Instructions for the task: Every line below between the one holding "(simp add: J_def)" and the one holding "k \<le> \<delta>", inclusive, should be copied exactly, and no other line.

Stored data:
= = = = = = =
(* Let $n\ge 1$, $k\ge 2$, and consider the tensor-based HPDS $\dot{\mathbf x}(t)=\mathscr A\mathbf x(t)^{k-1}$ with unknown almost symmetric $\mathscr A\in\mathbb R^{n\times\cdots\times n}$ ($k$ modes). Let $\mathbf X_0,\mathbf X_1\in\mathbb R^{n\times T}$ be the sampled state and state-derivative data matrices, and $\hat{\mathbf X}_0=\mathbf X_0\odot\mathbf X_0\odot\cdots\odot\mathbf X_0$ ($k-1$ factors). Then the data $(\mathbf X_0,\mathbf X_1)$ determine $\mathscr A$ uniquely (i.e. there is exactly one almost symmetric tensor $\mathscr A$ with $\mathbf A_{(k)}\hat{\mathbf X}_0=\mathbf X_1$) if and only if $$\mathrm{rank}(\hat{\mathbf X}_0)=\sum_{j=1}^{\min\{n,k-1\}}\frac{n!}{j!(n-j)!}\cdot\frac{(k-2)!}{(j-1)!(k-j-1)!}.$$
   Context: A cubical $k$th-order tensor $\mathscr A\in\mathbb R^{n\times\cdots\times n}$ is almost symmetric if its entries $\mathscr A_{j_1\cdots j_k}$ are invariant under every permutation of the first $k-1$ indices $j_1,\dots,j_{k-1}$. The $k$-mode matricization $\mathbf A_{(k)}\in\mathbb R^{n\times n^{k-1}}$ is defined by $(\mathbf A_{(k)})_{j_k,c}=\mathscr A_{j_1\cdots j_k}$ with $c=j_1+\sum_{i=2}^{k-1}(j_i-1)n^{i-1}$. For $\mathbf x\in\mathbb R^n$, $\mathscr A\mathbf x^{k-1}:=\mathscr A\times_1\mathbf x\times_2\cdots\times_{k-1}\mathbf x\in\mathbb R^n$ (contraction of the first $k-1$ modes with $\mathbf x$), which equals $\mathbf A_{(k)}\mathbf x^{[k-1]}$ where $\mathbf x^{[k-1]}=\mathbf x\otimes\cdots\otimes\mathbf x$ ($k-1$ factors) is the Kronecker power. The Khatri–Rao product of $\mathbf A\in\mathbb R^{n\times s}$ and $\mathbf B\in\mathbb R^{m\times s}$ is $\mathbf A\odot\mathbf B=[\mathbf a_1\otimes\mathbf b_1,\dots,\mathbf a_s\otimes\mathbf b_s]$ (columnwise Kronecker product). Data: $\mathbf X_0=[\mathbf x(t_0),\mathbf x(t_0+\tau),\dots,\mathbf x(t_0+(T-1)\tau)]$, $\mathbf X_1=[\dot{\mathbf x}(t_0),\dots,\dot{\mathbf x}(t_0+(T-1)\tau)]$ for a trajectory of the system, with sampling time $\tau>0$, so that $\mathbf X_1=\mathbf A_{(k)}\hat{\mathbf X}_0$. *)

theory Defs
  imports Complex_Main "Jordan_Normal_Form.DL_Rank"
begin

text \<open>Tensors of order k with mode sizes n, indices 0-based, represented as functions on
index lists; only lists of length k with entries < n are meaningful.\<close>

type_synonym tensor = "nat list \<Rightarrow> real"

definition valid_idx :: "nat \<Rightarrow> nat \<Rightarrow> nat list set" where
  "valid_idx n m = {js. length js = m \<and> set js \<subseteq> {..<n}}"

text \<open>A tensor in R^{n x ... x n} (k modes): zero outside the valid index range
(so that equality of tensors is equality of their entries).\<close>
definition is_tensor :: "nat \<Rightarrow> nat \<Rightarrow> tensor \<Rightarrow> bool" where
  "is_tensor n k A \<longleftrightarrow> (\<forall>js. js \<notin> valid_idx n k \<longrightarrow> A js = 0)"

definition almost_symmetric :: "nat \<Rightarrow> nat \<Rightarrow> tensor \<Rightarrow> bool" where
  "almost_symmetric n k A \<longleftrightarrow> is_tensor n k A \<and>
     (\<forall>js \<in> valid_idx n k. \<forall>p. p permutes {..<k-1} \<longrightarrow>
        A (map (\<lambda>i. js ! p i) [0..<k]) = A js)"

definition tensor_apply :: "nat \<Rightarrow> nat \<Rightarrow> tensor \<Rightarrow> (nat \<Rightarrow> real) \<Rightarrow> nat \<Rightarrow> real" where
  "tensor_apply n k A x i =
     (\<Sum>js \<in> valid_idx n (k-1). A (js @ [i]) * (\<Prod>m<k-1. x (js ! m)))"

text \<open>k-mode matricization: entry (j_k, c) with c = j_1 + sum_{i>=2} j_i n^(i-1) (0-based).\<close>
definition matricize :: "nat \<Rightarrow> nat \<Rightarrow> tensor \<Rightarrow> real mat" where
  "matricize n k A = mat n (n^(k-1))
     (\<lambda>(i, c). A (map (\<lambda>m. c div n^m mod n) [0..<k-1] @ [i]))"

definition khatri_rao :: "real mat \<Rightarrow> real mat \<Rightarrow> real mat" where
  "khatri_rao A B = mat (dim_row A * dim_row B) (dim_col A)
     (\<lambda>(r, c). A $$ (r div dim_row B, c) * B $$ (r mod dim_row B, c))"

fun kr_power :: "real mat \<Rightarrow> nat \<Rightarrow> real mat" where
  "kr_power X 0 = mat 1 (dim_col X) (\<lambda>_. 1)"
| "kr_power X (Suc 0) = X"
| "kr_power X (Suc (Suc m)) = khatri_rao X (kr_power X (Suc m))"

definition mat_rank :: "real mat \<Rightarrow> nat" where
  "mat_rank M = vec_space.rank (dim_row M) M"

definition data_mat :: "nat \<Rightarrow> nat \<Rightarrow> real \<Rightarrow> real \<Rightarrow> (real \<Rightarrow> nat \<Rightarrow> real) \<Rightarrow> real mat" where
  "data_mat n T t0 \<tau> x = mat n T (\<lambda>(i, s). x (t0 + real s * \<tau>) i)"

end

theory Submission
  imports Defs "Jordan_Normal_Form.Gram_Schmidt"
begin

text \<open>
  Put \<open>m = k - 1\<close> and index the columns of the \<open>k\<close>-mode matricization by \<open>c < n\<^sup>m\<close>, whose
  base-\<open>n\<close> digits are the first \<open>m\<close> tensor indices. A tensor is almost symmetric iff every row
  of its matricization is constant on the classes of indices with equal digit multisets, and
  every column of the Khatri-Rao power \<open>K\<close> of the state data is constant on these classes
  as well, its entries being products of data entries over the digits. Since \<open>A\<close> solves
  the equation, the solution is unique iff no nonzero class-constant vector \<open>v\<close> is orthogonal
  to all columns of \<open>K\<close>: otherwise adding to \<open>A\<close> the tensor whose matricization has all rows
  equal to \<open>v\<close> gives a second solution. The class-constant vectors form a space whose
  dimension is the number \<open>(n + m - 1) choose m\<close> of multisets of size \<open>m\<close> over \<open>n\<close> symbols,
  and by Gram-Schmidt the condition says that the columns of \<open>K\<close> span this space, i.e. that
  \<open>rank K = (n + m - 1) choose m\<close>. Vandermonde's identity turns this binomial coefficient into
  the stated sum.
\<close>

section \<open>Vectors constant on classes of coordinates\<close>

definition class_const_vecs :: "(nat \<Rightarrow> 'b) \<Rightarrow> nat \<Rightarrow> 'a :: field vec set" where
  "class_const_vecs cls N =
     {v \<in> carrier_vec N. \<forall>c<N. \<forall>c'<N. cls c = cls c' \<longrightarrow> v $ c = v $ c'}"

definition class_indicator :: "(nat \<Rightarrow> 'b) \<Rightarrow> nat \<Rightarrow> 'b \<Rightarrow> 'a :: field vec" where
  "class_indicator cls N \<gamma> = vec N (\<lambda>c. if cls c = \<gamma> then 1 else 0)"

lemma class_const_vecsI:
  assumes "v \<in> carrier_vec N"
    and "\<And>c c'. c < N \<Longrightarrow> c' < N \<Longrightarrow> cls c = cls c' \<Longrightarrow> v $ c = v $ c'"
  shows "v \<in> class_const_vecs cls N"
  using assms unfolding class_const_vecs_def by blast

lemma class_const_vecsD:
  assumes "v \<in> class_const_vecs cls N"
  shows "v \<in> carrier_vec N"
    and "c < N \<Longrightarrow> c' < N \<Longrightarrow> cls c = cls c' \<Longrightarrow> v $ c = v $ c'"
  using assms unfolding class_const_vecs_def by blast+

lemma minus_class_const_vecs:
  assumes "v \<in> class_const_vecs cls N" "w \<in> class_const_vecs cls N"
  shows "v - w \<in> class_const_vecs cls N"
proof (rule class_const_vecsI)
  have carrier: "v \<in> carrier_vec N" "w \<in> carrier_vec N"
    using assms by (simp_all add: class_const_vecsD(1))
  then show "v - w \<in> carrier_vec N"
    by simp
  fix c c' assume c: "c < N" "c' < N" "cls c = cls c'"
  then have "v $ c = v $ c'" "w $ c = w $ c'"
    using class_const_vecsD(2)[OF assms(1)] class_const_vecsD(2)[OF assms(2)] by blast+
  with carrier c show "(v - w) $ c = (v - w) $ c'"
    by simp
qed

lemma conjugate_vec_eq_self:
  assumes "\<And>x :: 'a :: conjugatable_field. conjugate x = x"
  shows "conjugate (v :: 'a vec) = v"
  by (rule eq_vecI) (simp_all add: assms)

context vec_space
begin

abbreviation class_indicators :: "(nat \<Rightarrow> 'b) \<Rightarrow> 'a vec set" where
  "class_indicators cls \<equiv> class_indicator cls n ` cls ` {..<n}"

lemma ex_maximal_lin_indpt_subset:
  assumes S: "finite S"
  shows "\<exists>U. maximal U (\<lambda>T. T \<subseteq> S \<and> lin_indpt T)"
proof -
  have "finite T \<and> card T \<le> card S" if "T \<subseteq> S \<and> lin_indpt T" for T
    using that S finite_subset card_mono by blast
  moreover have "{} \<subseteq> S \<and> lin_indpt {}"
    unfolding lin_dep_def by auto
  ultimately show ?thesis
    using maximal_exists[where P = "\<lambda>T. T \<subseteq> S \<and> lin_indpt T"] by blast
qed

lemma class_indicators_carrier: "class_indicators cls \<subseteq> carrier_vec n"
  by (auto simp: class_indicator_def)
= = = = = = =
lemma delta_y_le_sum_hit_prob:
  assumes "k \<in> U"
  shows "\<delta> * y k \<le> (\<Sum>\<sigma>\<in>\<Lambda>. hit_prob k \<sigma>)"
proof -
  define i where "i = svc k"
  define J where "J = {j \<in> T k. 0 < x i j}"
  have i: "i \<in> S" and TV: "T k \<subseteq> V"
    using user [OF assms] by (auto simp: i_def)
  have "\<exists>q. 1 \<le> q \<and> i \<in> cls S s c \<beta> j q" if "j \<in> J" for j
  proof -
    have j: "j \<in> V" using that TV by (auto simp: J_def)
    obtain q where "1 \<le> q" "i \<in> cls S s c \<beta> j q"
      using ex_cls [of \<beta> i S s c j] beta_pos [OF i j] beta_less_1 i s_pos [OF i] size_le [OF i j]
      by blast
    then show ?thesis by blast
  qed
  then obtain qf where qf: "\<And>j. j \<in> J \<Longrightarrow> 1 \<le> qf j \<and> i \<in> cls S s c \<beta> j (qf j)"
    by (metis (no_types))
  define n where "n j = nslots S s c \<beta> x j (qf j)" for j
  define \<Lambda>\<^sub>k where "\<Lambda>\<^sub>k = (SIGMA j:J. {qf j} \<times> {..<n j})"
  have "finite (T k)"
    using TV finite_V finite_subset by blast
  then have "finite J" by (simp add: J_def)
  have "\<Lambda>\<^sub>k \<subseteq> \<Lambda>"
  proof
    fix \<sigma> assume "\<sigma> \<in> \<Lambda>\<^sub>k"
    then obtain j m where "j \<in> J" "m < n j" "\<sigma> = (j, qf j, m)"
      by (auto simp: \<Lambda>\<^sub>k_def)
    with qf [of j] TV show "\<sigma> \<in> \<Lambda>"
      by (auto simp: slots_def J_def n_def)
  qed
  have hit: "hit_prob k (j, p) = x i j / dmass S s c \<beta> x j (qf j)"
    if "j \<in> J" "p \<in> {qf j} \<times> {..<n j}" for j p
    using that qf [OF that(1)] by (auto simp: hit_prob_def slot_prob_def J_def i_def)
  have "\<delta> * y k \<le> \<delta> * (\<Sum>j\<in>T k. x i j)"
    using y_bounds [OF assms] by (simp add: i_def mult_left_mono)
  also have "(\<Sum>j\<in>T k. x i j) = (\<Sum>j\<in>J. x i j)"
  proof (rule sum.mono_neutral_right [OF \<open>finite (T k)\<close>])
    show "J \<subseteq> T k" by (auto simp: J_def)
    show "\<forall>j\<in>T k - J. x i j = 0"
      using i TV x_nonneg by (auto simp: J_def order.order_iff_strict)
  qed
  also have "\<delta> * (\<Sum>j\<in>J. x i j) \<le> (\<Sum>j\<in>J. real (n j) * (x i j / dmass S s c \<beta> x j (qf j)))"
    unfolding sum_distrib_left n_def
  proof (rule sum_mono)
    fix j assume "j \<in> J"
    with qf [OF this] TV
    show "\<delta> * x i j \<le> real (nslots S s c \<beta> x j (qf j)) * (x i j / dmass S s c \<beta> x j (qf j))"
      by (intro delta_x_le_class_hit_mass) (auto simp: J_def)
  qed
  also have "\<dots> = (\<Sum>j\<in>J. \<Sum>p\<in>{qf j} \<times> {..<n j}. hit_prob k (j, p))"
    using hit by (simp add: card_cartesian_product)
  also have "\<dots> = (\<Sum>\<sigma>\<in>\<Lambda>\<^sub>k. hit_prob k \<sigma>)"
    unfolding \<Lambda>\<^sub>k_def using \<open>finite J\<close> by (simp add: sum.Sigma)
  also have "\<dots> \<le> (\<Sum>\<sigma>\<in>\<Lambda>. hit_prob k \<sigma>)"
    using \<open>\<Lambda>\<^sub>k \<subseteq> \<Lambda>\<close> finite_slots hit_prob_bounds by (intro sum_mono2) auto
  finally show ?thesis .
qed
= = = = = = =
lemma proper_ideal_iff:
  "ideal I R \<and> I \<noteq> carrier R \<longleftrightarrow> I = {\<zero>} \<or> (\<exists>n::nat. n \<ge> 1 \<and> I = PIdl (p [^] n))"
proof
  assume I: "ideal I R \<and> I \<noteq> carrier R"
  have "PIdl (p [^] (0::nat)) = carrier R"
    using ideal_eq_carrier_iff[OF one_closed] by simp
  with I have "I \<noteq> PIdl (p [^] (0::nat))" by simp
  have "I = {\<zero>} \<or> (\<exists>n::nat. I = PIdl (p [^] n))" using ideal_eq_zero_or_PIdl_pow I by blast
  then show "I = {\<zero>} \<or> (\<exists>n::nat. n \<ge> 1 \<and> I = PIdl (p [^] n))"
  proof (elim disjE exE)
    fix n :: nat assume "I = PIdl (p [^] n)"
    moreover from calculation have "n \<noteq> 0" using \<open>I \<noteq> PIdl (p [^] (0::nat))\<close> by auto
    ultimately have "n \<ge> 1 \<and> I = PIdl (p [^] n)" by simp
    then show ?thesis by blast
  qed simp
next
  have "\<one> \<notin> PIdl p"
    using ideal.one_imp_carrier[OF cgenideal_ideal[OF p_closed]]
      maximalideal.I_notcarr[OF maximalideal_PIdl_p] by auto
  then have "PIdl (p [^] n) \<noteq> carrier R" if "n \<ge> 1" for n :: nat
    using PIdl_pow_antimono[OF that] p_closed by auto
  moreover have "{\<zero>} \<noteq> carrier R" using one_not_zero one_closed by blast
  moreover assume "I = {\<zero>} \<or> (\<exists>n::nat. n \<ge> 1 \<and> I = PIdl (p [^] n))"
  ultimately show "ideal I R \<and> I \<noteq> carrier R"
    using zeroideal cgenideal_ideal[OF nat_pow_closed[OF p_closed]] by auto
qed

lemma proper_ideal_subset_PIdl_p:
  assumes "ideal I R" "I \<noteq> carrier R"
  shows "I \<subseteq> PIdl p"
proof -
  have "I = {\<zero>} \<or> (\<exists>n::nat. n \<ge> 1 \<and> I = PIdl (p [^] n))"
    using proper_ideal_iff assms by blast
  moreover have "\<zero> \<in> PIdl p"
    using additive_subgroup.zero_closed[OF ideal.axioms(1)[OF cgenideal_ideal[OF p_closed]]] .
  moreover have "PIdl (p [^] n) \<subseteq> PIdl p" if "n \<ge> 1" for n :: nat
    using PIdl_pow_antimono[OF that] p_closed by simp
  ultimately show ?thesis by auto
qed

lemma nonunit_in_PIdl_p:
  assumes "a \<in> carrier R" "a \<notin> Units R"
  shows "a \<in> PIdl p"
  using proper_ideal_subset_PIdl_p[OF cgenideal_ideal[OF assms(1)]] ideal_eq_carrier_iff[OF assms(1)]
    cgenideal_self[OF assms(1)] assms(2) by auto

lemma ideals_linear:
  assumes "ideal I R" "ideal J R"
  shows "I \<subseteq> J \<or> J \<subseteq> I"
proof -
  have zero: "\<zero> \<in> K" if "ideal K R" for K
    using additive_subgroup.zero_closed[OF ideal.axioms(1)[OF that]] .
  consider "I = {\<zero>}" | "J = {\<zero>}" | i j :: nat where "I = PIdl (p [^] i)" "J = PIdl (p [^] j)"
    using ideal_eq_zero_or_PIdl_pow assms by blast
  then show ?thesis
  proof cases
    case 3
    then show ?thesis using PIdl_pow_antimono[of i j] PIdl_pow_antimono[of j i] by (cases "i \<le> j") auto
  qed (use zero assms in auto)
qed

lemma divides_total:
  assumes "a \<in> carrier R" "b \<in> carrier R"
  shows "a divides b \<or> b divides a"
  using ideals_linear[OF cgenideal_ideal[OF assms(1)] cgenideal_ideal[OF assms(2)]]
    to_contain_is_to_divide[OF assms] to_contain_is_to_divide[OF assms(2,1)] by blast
= = = = = = =
Answer box:
  then have "finite J" by (simp add: J_def)
  have "\<Lambda>\<^sub>k \<subseteq> \<Lambda>"
  proof
    fix \<sigma> assume "\<sigma> \<in> \<Lambda>\<^sub>k"
    then obtain j m where "j \<in> J" "m < n j" "\<sigma> = (j, qf j, m)"
      by (auto simp: \<Lambda>\<^sub>k_def)
    with qf [of j] TV show "\<sigma> \<in> \<Lambda>"
      by (auto simp: slots_def J_def n_def)
  qed
  have hit: "hit_prob k (j, p) = x i j / dmass S s c \<beta> x j (qf j)"
    if "j \<in> J" "p \<in> {qf j} \<times> {..<n j}" for j p
    using that qf [OF that(1)] by (auto simp: hit_prob_def slot_prob_def J_def i_def)
  have "\<delta> * y k \<le> \<delta> * (\<Sum>j\<in>T k. x i j)"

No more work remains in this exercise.